+++ DATA TO USE

text \<open>The bound is -1, not -2: if (x1,y1) = (x2,y2), then (x1,y2) is that point too and the
  perturbation vanishes there.\<close>

lemma swap_perturbation_ge:
  "- 1 \<le> swap_perturbation x1 y1 x2 y2 z"
  "z \<notin> {(x1, y1), (x2, y2)} \<Longrightarrow> 0 \<le> swap_perturbation x1 y1 x2 y2 z"
  by (auto simp: swap_perturbation_def)

lemma couplings_add_swap_perturbation:
  assumes "p \<in> couplings f0 f1" "0 \<le> e" "e \<le> p (x1, y1)" "e \<le> p (x2, y2)"
  shows "(\<lambda>z. p z + e * swap_perturbation x1 y1 x2 y2 z) \<in> couplings f0 f1"
proof -
  have "0 \<le> p z + e * swap_perturbation x1 y1 x2 y2 z" for z
  proof (cases "z \<in> {(x1, y1), (x2, y2)}")
    case True
    then have "e \<le> p z" using assms(3,4) by auto
    moreover have "- e \<le> e * swap_perturbation x1 y1 x2 y2 z"
      using mult_left_mono[OF swap_perturbation_ge(1) assms(2)] by simp
    ultimately show ?thesis by linarith
  next
    case False
    then show ?thesis
      using swap_perturbation_ge(2)[OF False] couplings_nonneg[OF assms(1)] assms(2) by simp
  qed
  moreover have "((\<lambda>y. p (x, y) + e * swap_perturbation x1 y1 x2 y2 (x, y)) has_sum f0 x) UNIV" for x
    using has_sum_add[OF _ has_sum_cmult_right[OF swap_perturbation_row_has_sum]] assms(1)
    unfolding couplings_def by fastforce
  moreover have "((\<lambda>x. p (x, y) + e * swap_perturbation x1 y1 x2 y2 (x, y)) has_sum f1 y) UNIV" for y
    using has_sum_add[OF _ has_sum_cmult_right[OF swap_perturbation_col_has_sum]] assms(1)
    unfolding couplings_def by fastforce
  ultimately show ?thesis unfolding couplings_def by blast
qed

lemma tcost_add_swap_perturbation:
  assumes "p \<in> couplings f0 f1" "fin_supp f0" "fin_supp f1"
  shows "tcost E (\<lambda>z. p z + e * swap_perturbation x1 y1 x2 y2 z)
           = tcost E p + e * (real (gdist E x1 y2) + gdist E x2 y1 - gdist E x1 y1 - gdist E x2 y2)"
proof -
  have "((\<lambda>z. real (gdist E (fst z) (snd z)) * (p z + e * swap_perturbation x1 y1 x2 y2 z)) has_sum
      tcost E p + e * (real (gdist E x1 y2) + gdist E x2 y1 - gdist E x1 y1 - gdist E x2 y2)) UNIV"
    using has_sum_add[OF tcost_has_sum[OF assms(1-3)] has_sum_cmult_right[OF
        swap_perturbation_weighted_has_sum[of "\<lambda>z. real (gdist E (fst z) (snd z))"], of e]]
    by (simp add: algebra_simps)
  then show ?thesis
    unfolding tcost_def[of E "\<lambda>z. p z + e * swap_perturbation x1 y1 x2 y2 z"] by (rule infsumI)
qed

++++++

● DIRECTIONS FOR THIS TASK:
Look above for the line with "ultimately show ?thesis by linarith" and the line with "ultimately show ?thesis unfolding". Retype those two lines and every line between them exactly, adding nothing.

● ANSWER BOX:
    ultimately show ?thesis by linarith
  next
    case False
    then show ?thesis
      using swap_perturbation_ge(2)[OF False] couplings_nonneg[OF assms(1)] assms(2) by simp
  qed
  moreover have "((\<lambda>y. p (x, y) + e * swap_perturbation x1 y1 x2 y2 (x, y)) has_sum f0 x) UNIV" for x
    using has_sum_add[OF _ has_sum_cmult_right[OF swap_perturbation_row_has_sum]] assms(1)
    unfolding couplings_def by fastforce
  moreover have "((\<lambda>x. p (x, y) + e * swap_perturbation x1 y1 x2 y2 (x, y)) has_sum f1 y) UNIV" for y
    using has_sum_add[OF _ has_sum_cmult_right[OF swap_perturbation_col_has_sum]] assms(1)
    unfolding couplings_def by fastforce
  ultimately show ?thesis unfolding couplings_def by blast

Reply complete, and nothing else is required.